Jose Aldo vs. Kenny Florian: Despite sharing a weight class, it was obvious that Florian’s size advantage over champ Aldo was going to be a factor. Case in point: the first round of their championship scrap, which saw Florian muscling the Brazilian into the cage and threatening with takedowns that would’ve for sure made Aldo’s life miserable if they had panned out. But Florian began to tire in Round 2, and that, coupled with Aldo’s ability to find his range and land leg-kicks and combinations, had the American getting out-pointed on the feet. The third had Florian flubbing a takedown and Aldo finding mount, although Florian did a great job of wiggling out of danger. Both men slowed a bit in Round 4 – Aldo’s exhaustion as much a product of Florian pressing him against the cage as the duration of the fight – and Round 5 had the champ again taking mount after Florian slipped to the floor. When time ran out the judges awarded Aldo the unanimous decision victory by virtue of four rounds to one.

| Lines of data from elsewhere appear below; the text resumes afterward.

lemma multiples_subgee_relation:
  assumes "subgee l n V"
  shows "sym_diff (multiples V) (multiples {}) \<in> relations"
  using finite_subgee[OF assms] assms
proof (induction V rule: finite_induct)
  case empty
  then show ?case by (simp add: z2_span.zero)
next
  case (insert s V)
  have "sym_diff (multiples V) (multiples {}) \<in> relations"
    using insert.IH subgee_subset_closed[OF insert.prems] by blast
  moreover have "sym_diff (multiples V) (multiples (insert s V)) \<in> relations"
    using multiples_insert_relation[OF insert.prems insert.hyps(2)] .
  moreover have "sym_diff (sym_diff (multiples V) (multiples (insert s V)))
      (sym_diff (multiples V) (multiples {})) = sym_diff (multiples (insert s V)) (multiples {})"
    by auto
  ultimately show ?case using z2_span_sym_diff by metis
qed

lemma singleton_non_subgee_relation:
  assumes "U \<subseteq> {1..n-1}" "card U \<le> m" "\<not> subgee l n U"
  shows "{U} \<in> relations"
proof -
  have "(card U, {U}) \<in> HK_generators l n"
    unfolding HK_generators_def using assms by blast
  then have "mono_times {} {U} \<in> HK_ideal_gens l n m"
    unfolding HK_ideal_gens_def using assms by force
  moreover have "mono_times {} {U} = {U}"
  proof -
    have "{T\<in>{U}. {} \<union> T = U'} = (if U = U' then {U} else {})" for U'
      by auto
    then show ?thesis unfolding mono_times_def by auto
  qed
  ultimately show ?thesis using z2_span_generator by metis
qed

lemma multiples_non_subgee_relation:
  assumes "\<not> subgee l n V"
  shows "multiples V \<in> relations"
proof (rule z2_span_of_singletons[OF finite_multiples])
  fix U assume U: "U \<in> multiples V"
  then have "\<not> subgee l n U" using assms subgee_subset_closed unfolding multiples_def by blast
  then show "{U} \<in> relations" using singleton_non_subgee_relation U unfolding multiples_def by auto
qed

lemma z2_sum_multiples:
  assumes U: "U \<subseteq> {1..n-1}" "card U \<le> m"
  shows "z2_sum {V. U \<subseteq> V \<and> V \<subseteq> {1..n-1} \<and> card V \<le> m} multiples = {U}"
proof -
  let ?A = "{V. U \<subseteq> V \<and> V \<subseteq> {1..n-1} \<and> card V \<le> m}"
  have "x \<in> z2_sum ?A multiples \<longleftrightarrow> x = U" for x
  proof (cases "x \<subseteq> {1..n-1} \<and> card x \<le> m \<and> U \<subseteq> x")
    case True
    then have fx: "finite x" using finite_subset by blast
    have "{V\<in>?A. x \<in> multiples V} = {V. U \<subseteq> V \<and> V \<subseteq> x}"
      unfolding multiples_def using True by (auto intro: order.trans[OF card_mono[OF fx]])
    then have "card {V\<in>?A. x \<in> multiples V} = 2 ^ card (x - U)"
      using card_sets_between[OF fx] True by simp
    then show ?thesis unfolding z2_sum_def using True fx by auto
  next
    case False
    then have "{V\<in>?A. x \<in> multiples V} = {}"
      unfolding multiples_def by auto
    then have "x \<notin> z2_sum ?A multiples"
      unfolding z2_sum_def by (simp only: mem_Collect_eq card.empty) simp
    moreover have "x \<noteq> U" using False U by auto
    ultimately show ?thesis by simp
  qed
  then show ?thesis by blast
qed

text \<open>Moebius inversion: \<open>{U}\<close> is the sum of \<open>multiples V\<close> over all \<open>V \<supseteq> U\<close>, and
  modulo relations each of these is \<open>multiples {}\<close> or \<open>0\<close>.\<close>

lemma singleton_relation_if_even:
  assumes U: "U \<subseteq> {1..n-1}" "card U \<le> m"
    and even: "even (card {V. subgee l n V \<and> U \<subseteq> V})"
  shows "{U} \<in> relations"
proof -
  define A where "A = {V. U \<subseteq> V \<and> V \<subseteq> {1..n-1} \<and> card V \<le> m}"
  have fA: "finite A"
    unfolding A_def by (rule finite_subset[of _ "Pow {1..n-1}"]) auto
  define h where "h V = sym_diff (multiples V) (if subgee l n V then multiples {} else {})" for V
  have "h V \<in> relations" for V
    using multiples_subgee_relation multiples_non_subgee_relation unfolding h_def
    by (cases "subgee l n V") simp_all
  then have "z2_sum A h \<in> relations"
    using z2_span_z2_sum[OF fA] by blast
  moreover have "{V\<in>A. subgee l n V} = {V. subgee l n V \<and> U \<subseteq> V}"
    unfolding A_def using subgee_subset card_subgee_le by blast
  then have "z2_sum A (\<lambda>V. if subgee l n V then multiples {} else {}) = {}"
    using z2_sum_if[of A "subgee l n" "multiples {}"] even by simp
  ultimately show ?thesis
    using z2_sum_sym_diff[OF fA, of multiples] z2_sum_multiples[OF U] unfolding h_def A_def
    by simp
qed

Frankie Edgar vs. Gray Maynard: Just as before, Maynard managed to put his hands on Edgar with such violence, it was unclear if the champ was going to make it out of the first round. Blasting Edgar with an uppercut that stunned him, then a right hand, then a knee, the “Bully” lived up to his moniker, and left Edgar with a bloodied nose at the bell. True to form though was Edgar, who came out refreshed in Round 2 and bit by bit began to out-box his foe. That momentum continued into the third, Edgar adding chopping leg-kicks to the assault as the challenger started to huff and puff. He grew even sharper and Maynard grew even sloppier in the fourth, and late in the round came the ending sequence: Edgar dazed Maynard with an uppercut coming off the clinch, and when the Bully stumbled, Edgar continued the onslaught, plastering Maynard repeatedly until Maynard was face-first on the canvas. The referee jumped in and ended it at 3:54 of the frame, and Edgar retained his belt in convincing fashion.